- [Prompt]:
Go through the entries below and pick out every line with "frac".

[Stored data]
++++++

(* Let $p$ be a positive continuous even function on $(-1,1)$ such that no nontrivial solution $u$ of $u''+pu=0$ has more than one zero in $(-1,1)$, and let $F$ be the solution of $\mathcal{S}F=2p$ with $F(0)=0$, $F'(0)=1$, $F''(0)=0$. If $\varphi:(-1,1)\to\mathbb{R}^n$ is a $C^3$ curve with $\varphi'(x)\neq0$ and $S_1\varphi(x)\le 2p(x)$ for all $x\in(-1,1)$, then $$\frac{|\varphi(x_1)-\varphi(x_2)|}{\{|\varphi'(x_1)|\,|\varphi'(x_2)|\}^{1/2}}\ \ge\ \frac{|F(x_1)-F(x_2)|}{\{F'(x_1)F'(x_2)\}^{1/2}}\qquad\text{for all } x_1,x_2\in(-1,1).$$
   Context: For a real function $g$ with $g'\neq0$, $\mathcal{S}g=(g''/g')'-\tfrac12(g''/g')^2$. Equivalently $F(x)=\int_0^x u_0(t)^{-2}dt$ where $u_0$ solves $u''+pu=0$, $u_0(0)=1$, $u_0'(0)=0$ (and $u_0$ has no zeros in $(-1,1)$). For a $C^3$ curve $\varphi$ into $\mathbb{R}^n$ with $\varphi'\neq0$, the Ahlfors Schwarzian is $S_1\varphi=\frac{\langle\varphi',\varphi'''\rangle}{|\varphi'|^2}-3\frac{\langle\varphi',\varphi''\rangle^2}{|\varphi'|^4}+\frac32\frac{|\varphi''|^2}{|\varphi'|^2}$, with Euclidean inner product and norm. *)

theory Defs
  imports "HOL-Analysis.Analysis"
begin

text \<open>Schwarzian derivative of a real function at a point, written in terms of the
values g1 = g', g2 = g'', g3 = g''' there:
  (g''/g')' - 1/2 (g''/g')^2 = g'''/g' - (g''/g')^2 - 1/2 (g''/g')^2.\<close>
definition schwarzian_val :: "real \<Rightarrow> real \<Rightarrow> real \<Rightarrow> real" where
  "schwarzian_val g1 g2 g3 = (g3 / g1 - (g2 / g1)^2) - (1/2) * (g2 / g1)^2"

++++++

- [Answer to this task]:
(* Let $p$ be a positive continuous even function on $(-1,1)$ such that no nontrivial solution $u$ of $u''+pu=0$ has more than one zero in $(-1,1)$, and let $F$ be the solution of $\mathcal{S}F=2p$ with $F(0)=0$, $F'(0)=1$, $F''(0)=0$. If $\varphi:(-1,1)\to\mathbb{R}^n$ is a $C^3$ curve with $\varphi'(x)\neq0$ and $S_1\varphi(x)\le 2p(x)$ for all $x\in(-1,1)$, then $$\frac{|\varphi(x_1)-\varphi(x_2)|}{\{|\varphi'(x_1)|\,|\varphi'(x_2)|\}^{1/2}}\ \ge\ \frac{|F(x_1)-F(x_2)|}{\{F'(x_1)F'(x_2)\}^{1/2}}\qquad\text{for all } x_1,x_2\in(-1,1).$$
   Context: For a real function $g$ with $g'\neq0$, $\mathcal{S}g=(g''/g')'-\tfrac12(g''/g')^2$. Equivalently $F(x)=\int_0^x u_0(t)^{-2}dt$ where $u_0$ solves $u''+pu=0$, $u_0(0)=1$, $u_0'(0)=0$ (and $u_0$ has no zeros in $(-1,1)$). For a $C^3$ curve $\varphi$ into $\mathbb{R}^n$ with $\varphi'\neq0$, the Ahlfors Schwarzian is $S_1\varphi=\frac{\langle\varphi',\varphi'''\rangle}{|\varphi'|^2}-3\frac{\langle\varphi',\varphi''\rangle^2}{|\varphi'|^4}+\frac32\frac{|\varphi''|^2}{|\varphi'|^2}$, with Euclidean inner product and norm. *)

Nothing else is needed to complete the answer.